La Corte d’Appello, in parziale riforma, riteneva  le quietanze di pagamento non integravano rinunce o transazioni e, quindi, non era applicabile l’art. 2113 c.c. In secondo luogo, pur ritenendo non provato l’orario di lavoro maggiore lamentato dal lavoratore, accertava una differenza di 10 giornate lavorative non retribuite. Tali giornate eccedevano quelle retribuite dalle buste paga, ma risultavano dichiarate nella Certificazione Unica (CU) rilasciata dal datore di lavoro.

Il datore di lavoro ricorreva per cassazione.

Il Diritto

La corte osserva che  la Certificazione Unica idonea prova del credito del lavoratore, in quanto prova documentale prodotta da quest’ultimo. Conseguentemente, l’affermazione per cui era onere del datore di lavoro dimostrare l’erroneità della CU non ha costituito un’inversione dell’onere probatorio, ma una logica conseguenza della rilevanza data al documento.

La corte pertanto rigetta il ricorso.

LICENZIAMENTO DISCIPLINARE

Vincolo fiduciario

La necessaria lezione del vincolo fiduciario per il licenziamento disciplinare – Cass., Sez. Lav., sent. 6 ottobre 2025, n. 26771

Il Fatto

Un dirigente impugnava il licenziamento disciplinare irrogatogli.

Il Tribunale e la Corte d’Appello rigettavano la domanda, ritenendo pienamente utilizzabili gli esiti delle intercettazioni telefoniche e delle dichiarazioni verbalizzate dalla polizia giudiziaria.
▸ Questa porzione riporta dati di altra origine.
(* Assume the standing setting of the context, let $n\ge2$ and let $\mathbf{M}_\varepsilon^{\otimes n}$ be the product measure on $\mathcal{D}_\varepsilon^n$. For $i\ne j\in\{1,\dots,n\}$ and $T>0$ let $$\mathcal{C}_{i,j}(T)=\{(z_1,\dots,z_n)\in\mathcal{D}_\varepsilon^n:\ z_i=(s_i,x_i),\ z_j=(s_j,x_j),\ s_i=s_j\in[0,T),\ x_i\ne x_j\},\qquad \mathcal{C}=\bigcup_{T\in\mathbb{N}}\bigcup_{i\ne j}\mathcal{C}_{i,j}(T).$$ Then $\mathbf{M}_\varepsilon^{\otimes n}(\mathcal{C})=0$ almost surely.
   Context: Standing setting. Fix $d\in\mathbb{N}$ and $\varepsilon\in(0,1]$ with $\varepsilon^{-1}\in\mathbb{N}$; $\Lambda_\varepsilon=(\varepsilon\mathbb{Z}/\mathbb{Z})^d$, $\mathcal{D}_\varepsilon=[0,\infty)\times\Lambda_\varepsilon$. On a filtered probability space satisfying the usual conditions let $(\mathbb{M}_\varepsilon(t,x))_{t\ge0}$, $x\in\Lambda_\varepsilon$, be càdlàg square-integrable martingales, $\Delta_t\mathbb{M}_\varepsilon(x)=\mathbb{M}_\varepsilon(t,x)-\mathbb{M}_\varepsilon(t-,x)$, $\langle\cdot,\cdot\rangle$ the predictable quadratic covariation, all constants non-random and independent of $\varepsilon,s,t,x$, such that: (A1) $\langle \mathbb{M}_\varepsilon(x),\mathbb{M}_\varepsilon(y)\rangle_t=0$ for $x\neq y$, and $\langle\mathbb{M}_\varepsilon(x)\rangle_t=\varepsilon^{-d}\int_0^t\mathcal{C}_\varepsilon(s,x)\,ds$ with $\mathcal{C}_\varepsilon$ progressively measurable, $|\mathcal{C}_\varepsilon|\le C$ a.s.; (A2) for every $T>0$, a.s. $\Delta_t\mathbb{M}_\varepsilon(x)\Delta_t\mathbb{M}_\varepsilon(y)=0$ for all $x\ne y$, $t\in[0,T]$; (A3) there exist $\mathbf{k}>-d/2$ and $c>0$ with a.s. $|\Delta_t\mathbb{M}_\varepsilon(x)|=c\varepsilon^{\mathbf{k}}$ whenever $\Delta_t\mathbb{M}_\varepsilon(x)\ne0$; (A4) $\mathbb{M}_\varepsilon(t,x)=\sum_{0\le s\le t}\Delta_s\mathbb{M}_\varepsilon(x)-\varepsilon^{-\mathbf{k}-d}\int_0^t\mathtt{C}_\varepsilon(s,x)\,ds$ with $\mathtt{C}_\varepsilon$ progressively measurable, $|\mathtt{C}_\varepsilon|\le C$ a.s. By (A4) the paths are a.s. of locally bounded variation, and $\mathbf{M}_\varepsilon$ denotes the random (signed) measure on $\mathcal{D}_\varepsilon$ given by $\int_{\mathcal{D}_\varepsilon}F\,d\mathbf{M}_\varepsilon=\sum_{x\in\Lambda_\varepsilon}\varepsilon^d\int_0^\infty F(s,x)\,d\mathbb{M}_\varepsilon(s,x)$ (Lebesgue–Stieltjes integral). *)

theory Defs
  imports "HOL-Probability.Probability"
begin

text \<open>Lattice: eps = 1/N with N a positive natural number; a point of
  (eps Z / Z)^d is encoded by the list of its integer coordinates a_i in {0..N-1}
  (the point being (eps a_1, ..., eps a_d)).\<close>
definition Lam :: "nat \<Rightarrow> nat \<Rightarrow> nat list set" where
  "Lam N d = {xs. length xs = d \<and> (\<forall>a\<in>set xs. a < N)}"

definition Dset :: "nat \<Rightarrow> nat \<Rightarrow> (real \<times> nat list) set" where
  "Dset N d = {0..} \<times> Lam N d"

text \<open>Jump of a pth at time t, with the convention f(0-) = f(0).\<close>
definition jump :: "(real \<Rightarrow> real) \<Rightarrow> real \<Rightarrow> real" where
  "jump f t = (if t \<le> 0 then 0 else f t - Lim (at_left t) f)"

definition cadlag_on_nonneg :: "(real \<Rightarrow> real) \<Rightarrow> bool" where
  "cadlag_on_nonneg f \<longleftrightarrow>
     (\<forall>t\<ge>0. continuous (at_right t) f) \<and> (\<forall>t>0. \<exists>l. (f \<longlongrightarrow> l) (at_left t))"

definition usual_filtration :: "'a measure \<Rightarrow> (real \<Rightarrow> 'a measure) \<Rightarrow> bool" where
  "usual_filtration P F \<longleftrightarrow>
     filtration (space P) F \<and> (\<forall>t. sets (F t) \<subseteq> sets P) \<and>
     (\<forall>t\<ge>0. sets (F t) = (\<Inter>u\<in>{t<..}. sets (F u))) \<and>
     (\<forall>A. A \<subseteq> space P \<and> (\<exists>B\<in>null_sets P. A \<subseteq> B) \<longrightarrow> A \<in> sets (F 0))"

definition martingale :: "'a measure \<Rightarrow> (real \<Rightarrow> 'a measure) \<Rightarrow> (real \<Rightarrow> 'a \<Rightarrow> real) \<Rightarrow> bool" where
  "martingale P F X \<longleftrightarrow>
     (\<forall>t\<ge>0. X t \<in> borel_measurable (F t)) \<and> (\<forall>t\<ge>0. integrable P (X t)) \<and>
     (\<forall>s t. 0 \<le> s \<longrightarrow> s \<le> t \<longrightarrow> (AE \<omega> in P. real_cond_exp P (F s) (X t) \<omega> = X s \<omega>))"

definition cadlag_sq_int_martingale :: "'a measure \<Rightarrow> (real \<Rightarrow> 'a measure) \<Rightarrow> (real \<Rightarrow> 'a \<Rightarrow> real) \<Rightarrow> bool" where
  "cadlag_sq_int_martingale P F X \<longleftrightarrow>
     martingale P F X \<and> (\<forall>t\<ge>0. integrable P (\<lambda>\<omega>. (X t \<omega>)\<^sup>2)) \<and>
     (AE \<omega> in P. cadlag_on_nonneg (\<lambda>t. X t \<omega>))"

definition progressive :: "(real \<Rightarrow> 'a measure) \<Rightarrow> (real \<Rightarrow> 'a \<Rightarrow> real) \<Rightarrow> bool" where
  "progressive F X \<longleftrightarrow>
     (\<forall>t\<ge>0. (\<lambda>(s, \<omega>). X s \<omega>) \<in> borel_measurable (restrict_space borel {0..t} \<Otimes>\<^sub>M F t))"

definition total_variation :: "(real \<Rightarrow> real) \<Rightarrow> real \<Rightarrow> real \<Rightarrow> real" where
  "total_variation f a b = Sup {(\<Sum>i<m. \<bar>f (p (Suc i)) - f (p i)\<bar>) | m p.
       p 0 = a \<and> p m = b \<and> (\<forall>i<m. p i \<le> p (Suc i))}"

text \<open>Total variation measure |df| on the real line of a (cadlag, locally BV) pth
  f on [0,oo) (no atom at 0, consistent with f(0-) = f(0)).\<close>
definition tv_measure :: "(real \<Rightarrow> real) \<Rightarrow> real measure" where
  "tv_measure f = interval_measure (\<lambda>t. if t \<le> 0 then 0 else total_variation f 0 t)"

text \<open>Total variation measure |M_eps| of the random measure M_eps on D_eps for a fixed
  realisation; pth x t = M_eps(t,x)(omega).\<close>
definition Dmeas :: "nat \<Rightarrow> nat \<Rightarrow> (nat list \<Rightarrow> real \<Rightarrow> real) \<Rightarrow> (real \<times> nat list) measure" where
  "Dmeas N d pth = measure_of (Dset N d)
     (sets (restrict_space (borel \<Otimes>\<^sub>M count_space UNIV) (Dset N d)))
     (\<lambda>A. \<Sum>x\<in>Lam N d. ennreal ((1 / real N) ^ d) * emeasure (tv_measure (pth x)) {s. (s, x) \<in> A})"

text \<open>The set C (indices 0..n-1 instead of 1..n).\<close>
definition Cset :: "nat \<Rightarrow> nat \<Rightarrow> nat \<Rightarrow> (nat \<Rightarrow> real \<times> nat list) set" where
  "Cset N d n = {z \<in> ({..<n} \<rightarrow>\<^sub>E Dset N d). \<exists>T::nat. \<exists>i<n. \<exists>j<n. i \<noteq> j \<and>
       fst (z i) = fst (z j) \<and> fst (z i) \<in> {0..<real T} \<and> snd (z i) \<noteq> snd (z j)}"

end

theory Submission
  imports Defs
begin

text \<open>Almost surely every path \<open>M\<^sub>x\<close> is cadlag with jumps of the fixed size
  \<open>c \<epsilon>\<^sup>k\<close>, so its jumps are locally finite, and by (A4) it is a finite sum of jumps minus a
  Lipschitz drift. Its total variation measure \<open>|dM\<^sub>x|\<close> is then locally finite and has atoms
  only at jump times. To see that \<open>{z\<^sub>i, z\<^sub>j at the same time, different sites}\<close> is null,
  integrate out \<open>z\<^sub>i\<close> given \<open>z\<^sub>j = (s, x)\<close>: the section \<open>{s} \<times> (\<Lambda> - {x})\<close> only
  carries atoms of other sites at time \<open>s\<close>, which vanish unless another site jumps at \<open>s\<close>.
  By (A2) such \<open>(s, x)\<close> form a countable set where \<open>x\<close> itself does not jump, so it is
  \<open>|dM|\<close>-null as well.\<close>

section \<open>Total variation under a dominating function\<close>

definition increments_dominated_on :: "real set \<Rightarrow> (real \<Rightarrow> real) \<Rightarrow> (real \<Rightarrow> real) \<Rightarrow> bool" where
  "increments_dominated_on S f H \<longleftrightarrow> (\<forall>r\<in>S. \<forall>r'\<in>S. r' \<le> r \<longrightarrow> \<bar>f r - f r'\<bar> \<le> H r - H r')"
Il lavoratore ricorreva per cassazione.

Il Diritto

la corte ricorda che in tema di licenziamento per giusta causa, nel giudicare se la violazione disciplinare addebitata al lavoratore abbia compromesso la fiducia necessaria ai fini della conservazione del rapporto di lavoro e, quindi, costituisca giusta causa di licenziamento, rilevano la natura e la qualità del singolo rapporto, la posizione delle parti, l’oggetto delle mansioni e il grado di affidamento che queste richiedono, occorrendo altresì valutare il fatto concreto nella sua portata oggettiva e soggettiva, attribuendo rilievo determinante, ai fini in esame, alla potenzialità del fatto medesimo di porre in dubbio la futura correttezza dell’adempimento.

Poiché i giudici di merito  si sono attenuti a tali principi, la corte rigetta il ricorso.

MALATTIA

Periodo di comporto

Il superamento del periodo di comporto in caso di necessità di terapie salvavita – Cass., Sez. Lav., sent. 7 ottobre 2025, n. 26956

Il Fatto

Un lavoratore impugnava il licenziamento intimatogli per superamento del periodo di comporto.

La Corte d’Appello, in riforma della sentenza di primo grado, respingeva la domanda ritenendo che le uniche assenze ulteriori giustificabili sono solo le patologie che richiedono la sottoposizione a terapie salvavita o assimilabili.

Il lavoratore proponeva ricorso per cassazione.

Il Diritto

La Corte ribadisce che la nozione di “malattia particolarmente grave” ha natura elastica (clausola generale) e la sua interpretazione deve tener conto del senso letterale, dell’intero atto negoziale e dell’evoluzione della scienza medica. I giudici di merito si sono  conformati ai corretti principi ermeneutici, interpretando il concetto di “malattie particolarmente gravi” nel senso di patologie che richiedono terapie salvavita, ossia quelle connotate da gravità della condizione patologica e dalla necessità di trattamenti indispensabili alla sopravvivenza o al miglioramento della qualità della vita. In quel caso è onere del lavoratore inviare una certificazione medica che attesti la sopravvenienza di una patologia grave che richieda una terapia salvavita, al fine di escludere l’onere del datore di lavoro di classificare e qualificare la patologia.

Poiché nel caso di specie mancava tale prova, la corte rigetta il ricorso.